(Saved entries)
○ ○ ○

lemma Poisson_exponent_le:
  fixes N \<zeta> s c :: real and n1 n2 :: nat and M A :: "nat \<Rightarrow> nat \<Rightarrow> real"
  assumes N: "N > 0" and \<zeta>: "\<zeta> \<ge> 0" and n: "n1 > 0" "n2 > 0" and c: "c = real n1 * real n2 / N"
    and M: "\<And>i j. (i, j) \<in> grid n1 n2 \<Longrightarrow> M i j \<in> {0..1}"
    and sA: "\<And>i j. (i, j) \<in> grid n1 n2 \<Longrightarrow> \<bar>s * (c * A i j)\<bar> * (1 + \<zeta>) \<le> 1/2"
  shows "N * ((\<Sum>(i, j)\<in>grid n1 n2. exp (M i j * (s * (c * A i j)) + \<zeta>\<^sup>2 * (s * (c * A i j))\<^sup>2))
              / card (grid n1 n2) - 1) - s * mat_inner n1 n2 M A
    \<le> s\<^sup>2 * ((exp 1 - 1) * (1 + \<zeta>)\<^sup>2 * c * (frob_norm n1 n2 A)\<^sup>2)"
proof -
  let ?G = "grid n1 n2"
  have m: "real (card ?G) = N * c" and "c > 0"
    using N n by (simp_all add: c card_grid)
  define E where "E = (\<Sum>(i, j)\<in>?G. exp (M i j * (s * (c * A i j)) + \<zeta>\<^sup>2 * (s * (c * A i j))\<^sup>2))"
  define R where "R = (\<Sum>(i, j)\<in>?G. exp (M i j * (s * (c * A i j)) + \<zeta>\<^sup>2 * (s * (c * A i j))\<^sup>2)
    - 1 - M i j * (s * (c * A i j)))"
  \<comment> \<open>The linear part of \<open>exp w - 1 - w\<close> is exactly the centring term \<open>s * mat_inner n1 n2 M A\<close>.\<close>
  have "N * (E / card ?G - 1) - s * mat_inner n1 n2 M A
      = (E - card ?G - s * c * mat_inner n1 n2 M A) / c"
    using N \<open>c > 0\<close> by (simp add: m field_simps)
  also have "E - card ?G - s * c * mat_inner n1 n2 M A = R"
    by (simp add: R_def E_def sum_subtractf mat_inner_def sum_distrib_left case_prod_unfold mult_ac)
  also have "R / c \<le> (\<Sum>(i, j)\<in>?G. (exp 1 - 1) * (1 + \<zeta>)\<^sup>2 * (s * (c * A i j))\<^sup>2) / c"
    unfolding R_def using M sA \<zeta> \<open>c > 0\<close>
    by (intro divide_right_mono sum_mono) (auto intro!: exp_linear_plus_square_excess_le)
  also have "(\<Sum>(i, j)\<in>?G. (exp 1 - 1) * (1 + \<zeta>)\<^sup>2 * (s * (c * A i j))\<^sup>2)
      = (exp 1 - 1) * (1 + \<zeta>)\<^sup>2 * s\<^sup>2 * c\<^sup>2 * (frob_norm n1 n2 A)\<^sup>2"
    by (simp add: frob_norm_def sum_nonneg sum_distrib_left case_prod_unfold power_mult_distrib
        mult_ac)
  also have "\<dots> / c = s\<^sup>2 * ((exp 1 - 1) * (1 + \<zeta>)\<^sup>2 * c * (frob_norm n1 n2 A)\<^sup>2)"
    using \<open>c > 0\<close> by (simp add: power2_eq_square)
  finally show ?thesis
    unfolding E_def .
qed
lemma hnorm_complement_orth_projection_le:
  assumes P: "orth_projection n P" and v: "v \<in> carrier_vec n"
  shows "hnorm ((1\<^sub>m n - P) *\<^sub>v v) \<le> hnorm v"
proof -
  have P_carrier: "P \<in> carrier_mat n n" and "mat_adjoint P = P" "P * P = P"
    using P unfolding orth_projection_def by auto
  define q where "q = v - P *\<^sub>v v"
  have q: "q \<in> carrier_vec n"
    using P_carrier v unfolding q_def by simp
  have q_eq: "(1\<^sub>m n - P) *\<^sub>v v = q"
    using P_carrier v unfolding q_def by (simp add: minus_mult_distrib_mat_vec[of _ n n])
  have "hinner (P *\<^sub>v v) q = hinner v (P *\<^sub>v q)"
    using P_carrier v q \<open>mat_adjoint P = P\<close> by (simp add: hinner_mult_mat_vec_right)
  also have "P *\<^sub>v q = 0\<^sub>v n"
    using P_carrier v \<open>P * P = P\<close> unfolding q_def
    by (simp add: mult_minus_distrib_mat_vec[of _ n n] assoc_mult_mat_vec[of P n n P n, symmetric])
  finally have orthogonal: "hinner (P *\<^sub>v v) q = 0"
    using v by (simp add: hinner_eq_sum[of _ n])
  have "hinner q q = hinner v q - hinner (P *\<^sub>v v) q"
    using P_carrier v q unfolding q_def by (simp add: hinner_diff_left[of _ n])
  then have "(hnorm q)\<^sup>2 = Re (hinner v q)"
    using orthogonal by (simp add: power2_hnorm)
  also have "\<dots> \<le> hnorm v * hnorm q"
    using hinner_Cauchy_Schwarz[OF v q] complex_Re_le_cmod[of "hinner v q"] by linarith
  finally have "hnorm q * hnorm q \<le> hnorm v * hnorm q"
    by (simp add: power2_eq_square)
  then show ?thesis
    unfolding q_eq using hnorm_nonneg[of q] hnorm_nonneg[of v]
    by (cases "hnorm q = 0") (auto intro: mult_right_le_imp_le)
qed
lemma finite_nn_integral_ex_le_inverse:
  fixes h :: "real \<Rightarrow> real"
  assumes a: "0 < a" and fin: "(\<integral>\<^sup>+s\<in>{a..}. ennreal (h s) \<partial>lborel) < \<infinity>" and \<epsilon>: "0 < \<epsilon>"
  shows "\<exists>R\<ge>R0. R * h R \<le> \<epsilon>"
proof (rule ccontr)
  assume never_small: "\<not> ?thesis"
  have big: "\<epsilon> / s \<le> h s" if "R0 \<le> s" "0 < s" for s
  proof -
    have "\<epsilon> < s * h s" using never_small that(1) not_le by blast
    then show ?thesis using that(2) by (simp add: field_simps)
  qed
  obtain M where M: "(\<integral>\<^sup>+s\<in>{a..}. ennreal (h s) \<partial>lborel) = ennreal M" "0 \<le> M"
    using fin by (auto simp: less_top_ennreal)
  define c where "c = max R0 a"
  define N where "N = M / \<epsilon> + 1"
  have c: "0 < c" "a \<le> c" "R0 \<le> c" using a by (auto simp: c_def)
  have N: "0 \<le> N" using M(2) \<epsilon> by (simp add: N_def)
  have "((\<lambda>s. \<epsilon> / s) has_integral \<epsilon> * N) {c..c * exp N}"
    using has_integral_mult_right[OF has_integral_inverse_real[of c "c * exp N"], of \<epsilon>] c N
    by (simp add: ln_mult)
  then have "ennreal (\<epsilon> * N) = (\<integral>\<^sup>+s\<in>{c..c * exp N}. ennreal (\<epsilon> / s) \<partial>lborel)"
    using \<epsilon> c by (intro nn_integral_has_integral_lebesgue'[symmetric]) auto
  also have "\<dots> \<le> (\<integral>\<^sup>+s\<in>{a..}. ennreal (h s) \<partial>lborel)"
    using c by (intro nn_integral_mono) (auto simp: indicator_def intro!: ennreal_leI big)
  finally have "\<epsilon> * N \<le> M"
    unfolding M(1) using M(2) by simp
  moreover have "\<epsilon> * N = M + \<epsilon>" using \<epsilon> by (simp add: N_def field_simps)
  ultimately show False using \<epsilon> by simp
qed

lemma borel_measurable_ennreal_indicator_continuous_on:
  fixes f :: "'a::topological_space \<Rightarrow> real"
  assumes "A \<in> sets borel" "continuous_on A f"
  shows "(\<lambda>x. ennreal (f x) * indicator A x) \<in> borel_measurable borel"
proof -
  have "(\<lambda>x. indicator A x *\<^sub>R f x) \<in> borel_measurable borel"
    using assms by (rule borel_measurable_continuous_on_indicator)
  then have "(\<lambda>x. ennreal (indicator A x *\<^sub>R f x)) \<in> borel_measurable borel"
    by measurable
  also have "(\<lambda>x. ennreal (indicator A x *\<^sub>R f x)) = (\<lambda>x. ennreal (f x) * indicator A x)"
    by (auto simp: indicator_def fun_eq_iff)
  finally show ?thesis .
qed

lemma nn_integral_atLeast_le_if_integrals_le:
  fixes h :: "real \<Rightarrow> real"
  assumes cont: "continuous_on {a..} h" and nonneg: "\<And>s. a \<le> s \<Longrightarrow> 0 \<le> h s"
    and bound: "\<And>R. a \<le> R \<Longrightarrow> integral {a..R} h \<le> B"
  shows "(\<integral>\<^sup>+s\<in>{a..}. ennreal (h s) \<partial>lborel) \<le> ennreal B"
proof -
  define g where "g N s = ennreal (h s) * indicator {a..a + real N} s" for N s
  have "incseq g"
    by (auto simp: incseq_def le_fun_def g_def indicator_def)
  moreover have "g N \<in> borel_measurable lborel" for N
    unfolding g_def using cont
    by (auto intro!: borel_measurable_ennreal_indicator_continuous_on elim: continuous_on_subset)
  moreover have "(SUP N. g N s) = ennreal (h s) * indicator {a..} s" for s
  proof (rule antisym)
    show "(SUP N. g N s) \<le> ennreal (h s) * indicator {a..} s"
      by (rule SUP_least) (auto simp: g_def indicator_def)
    obtain N :: nat where "s - a \<le> real N" using real_arch_simple by blast
    then have "g N s = ennreal (h s) * indicator {a..} s" by (auto simp: g_def indicator_def)
    then show "ennreal (h s) * indicator {a..} s \<le> (SUP N. g N s)"
      by (metis SUP_upper UNIV_I)
  qed
  ultimately have "(\<integral>\<^sup>+s\<in>{a..}. ennreal (h s) \<partial>lborel) = (SUP N. \<integral>\<^sup>+s. g N s \<partial>lborel)"
    using nn_integral_monotone_convergence_SUP[of g lborel] by simp
  also have "\<dots> \<le> ennreal B"
  proof (rule SUP_least)
    fix N :: nat
    have "(\<integral>\<^sup>+s. g N s \<partial>lborel) = ennreal (integral {a..a + real N} h)"
      unfolding g_def using cont nonneg
      by (intro nn_integral_has_integral_lebesgue' integrable_integral integrable_continuous_real)
         (auto elim: continuous_on_subset)
    then show "(\<integral>\<^sup>+s. g N s \<partial>lborel) \<le> ennreal B"
      using bound[of "a + real N"] by (simp add: ennreal_leI)
  qed
  finally show ?thesis .
qed

lemma integral_le_nn_integral_atLeast:
  fixes g :: "real \<Rightarrow> real"
  assumes cont: "continuous_on {a..} g" and nonneg: "\<And>s. a \<le> s \<Longrightarrow> 0 \<le> g s" and R: "a \<le> R"
  shows "ennreal (integral {a..R} g) \<le> (\<integral>\<^sup>+s\<in>{a..}. ennreal (g s) \<partial>lborel)"
proof -
  have "continuous_on {a..R} g"
    using cont by (rule continuous_on_subset) auto
  then have "ennreal (integral {a..R} g) = (\<integral>\<^sup>+s\<in>{a..R}. ennreal (g s) \<partial>lborel)"
    using nonneg
    by (intro nn_integral_has_integral_lebesgue'[symmetric] integrable_integral integrable_continuous_real) auto
  also have "\<dots> \<le> (\<integral>\<^sup>+s\<in>{a..}. ennreal (g s) \<partial>lborel)"
    by (intro nn_integral_mono) (auto simp: indicator_def)
  finally show ?thesis .
qed

text \<open>Without the last term, the right-hand side is the derivative of
  \<open>\<rho>\<^bsup>\<Lambda>+1\<^esup> u\<^sup>2 w / (m (\<Lambda>+1))\<close> when \<open>\<rho>' = m\<close>, \<open>u' = d\<close> and the derivative of \<open>w\<close> is \<open>w'\<close>.\<close>
lemma hardy_pointwise:
  fixes \<rho> m \<Lambda> u d w w' P :: real
  assumes \<rho>: "0 < \<rho>" and m: "0 < m" and \<Lambda>: "-1 < \<Lambda>" and w: "0 \<le> w" "0 \<le> w'"
    and d: "\<bar>d\<bar> \<le> m * sqrt P"
  shows "\<rho> powr \<Lambda> * u\<^sup>2 * w / 2
    \<le> \<rho> powr \<Lambda> * u\<^sup>2 * w + \<rho> powr (\<Lambda> + 1) / (m * (\<Lambda> + 1)) * (2 * u * d * w + u\<^sup>2 * w')
      + 2 / (\<Lambda> + 1)\<^sup>2 * (\<rho> powr (\<Lambda> + 2) * P * w)"
proof -
  define W where "W = \<rho> powr \<Lambda>"
  define S where "S = sqrt P"
  define \<beta> where "\<beta> = 2 / (\<Lambda> + 1)"
  have W: "0 \<le> W" by (simp add: W_def)
  have S: "0 \<le> S" "S\<^sup>2 = P"
    using order_trans[OF abs_ge_zero d] m by (auto simp: S_def zero_le_mult_iff)
  have \<beta>: "0 < \<beta>" using \<Lambda> by (simp add: \<beta>_def)
  have powr1: "\<rho> powr (\<Lambda> + 1) = W * \<rho>" and powr2: "\<rho> powr (\<Lambda> + 2) = W * \<rho>\<^sup>2"
    using \<rho> by (simp_all add: W_def powr_add power2_eq_square)
  have coeff: "\<rho> powr (\<Lambda> + 1) / (m * (\<Lambda> + 1)) = \<beta> / (2 * m) * W * \<rho>"
  proof -
    have "0 < m * (\<Lambda> + 1)" using m \<Lambda> by simp
    then show ?thesis unfolding powr1 \<beta>_def using m by (simp add: field_simps)
  qed
  have "0 \<le> \<beta> / (2 * m) * W * \<rho> * (u\<^sup>2 * w')"
    using \<beta> m W \<rho> w by simp
  moreover have "- (\<beta> * W * \<rho> * \<bar>u\<bar> * S * w) \<le> \<beta> / (2 * m) * W * \<rho> * (2 * u * d * w)"
  proof -
    have "- (u * d) \<le> \<bar>u\<bar> * (m * S)"
      using d abs_ge_zero[of u] by (metis S_def abs_mult abs_ge_minus_self mult_left_mono order_trans)
    then have "\<beta> / (2 * m) * W * \<rho> * w * (2 * (- (u * d))) \<le> \<beta> / (2 * m) * W * \<rho> * w * (2 * (\<bar>u\<bar> * (m * S)))"
      using \<beta> m W \<rho> w by (intro mult_left_mono) auto
    then show ?thesis using m by (simp add: field_simps)
  qed
  moreover have "\<beta> * W * \<rho> * \<bar>u\<bar> * S * w \<le> W * u\<^sup>2 * w / 2 + \<beta>\<^sup>2 / 2 * (W * \<rho>\<^sup>2 * S\<^sup>2 * w)"
  proof -
    have "0 \<le> W * w * (\<bar>u\<bar> - \<beta> * \<rho> * S)\<^sup>2"
      using W w by simp
    then show ?thesis by (simp add: power2_eq_square algebra_simps)
  qed
  ultimately have "W * u\<^sup>2 * w / 2 \<le> W * u\<^sup>2 * w + \<beta> / (2 * m) * W * \<rho> * (2 * u * d * w)
      + \<beta> / (2 * m) * W * \<rho> * (u\<^sup>2 * w') + \<beta>\<^sup>2 / 2 * (W * \<rho>\<^sup>2 * S\<^sup>2 * w)"
    by linarith
  moreover have "\<beta>\<^sup>2 / 2 = 2 / (\<Lambda> + 1)\<^sup>2"
    by (simp add: \<beta>_def power_divide)
  ultimately show ?thesis
    unfolding coeff powr2 S(2)[symmetric] W_def[symmetric] by (simp add: distrib_left mult.assoc)
qed
theorem mainTheorem5:
  shows "coalgebra carpet S_carpet tau_inv \<and>
    (\<forall>(A :: 'a set) SA a. coalgebra A SA a \<longrightarrow>
       (\<exists>h. coalg_mor A SA a carpet S_carpet tau_inv h \<and>
            (\<forall>h'. coalg_mor A SA a carpet S_carpet tau_inv h' \<longrightarrow> (\<forall>x\<in>A. h' x = h x))))"
proof (intro conjI allI impI)
  show "coalgebra carpet S_carpet tau_inv"
    by (rule coalgebra_carpet)
  fix A :: "'a set" and SA a
  assume co: "coalgebra A SA a"
  show "\<exists>h. coalg_mor A SA a carpet S_carpet tau_inv h \<and>
      (\<forall>h'. coalg_mor A SA a carpet S_carpet tau_inv h' \<longrightarrow> (\<forall>x\<in>A. h' x = h x))"
    using coalg_mor_carpet_unfold[OF co] coalg_mor_to_carpet_unique[OF co] by blast
qed

end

○ ○ ○

Directions ▸ Filter the records down to the lines that contain the string "lemma", and copy those lines.

Output of the exercise ▸
lemma Poisson_exponent_le:
lemma hnorm_complement_orth_projection_le:
lemma finite_nn_integral_ex_le_inverse:
lemma borel_measurable_ennreal_indicator_continuous_on:
lemma nn_integral_atLeast_le_if_integrals_le:
lemma integral_le_nn_integral_atLeast:
lemma hardy_pointwise:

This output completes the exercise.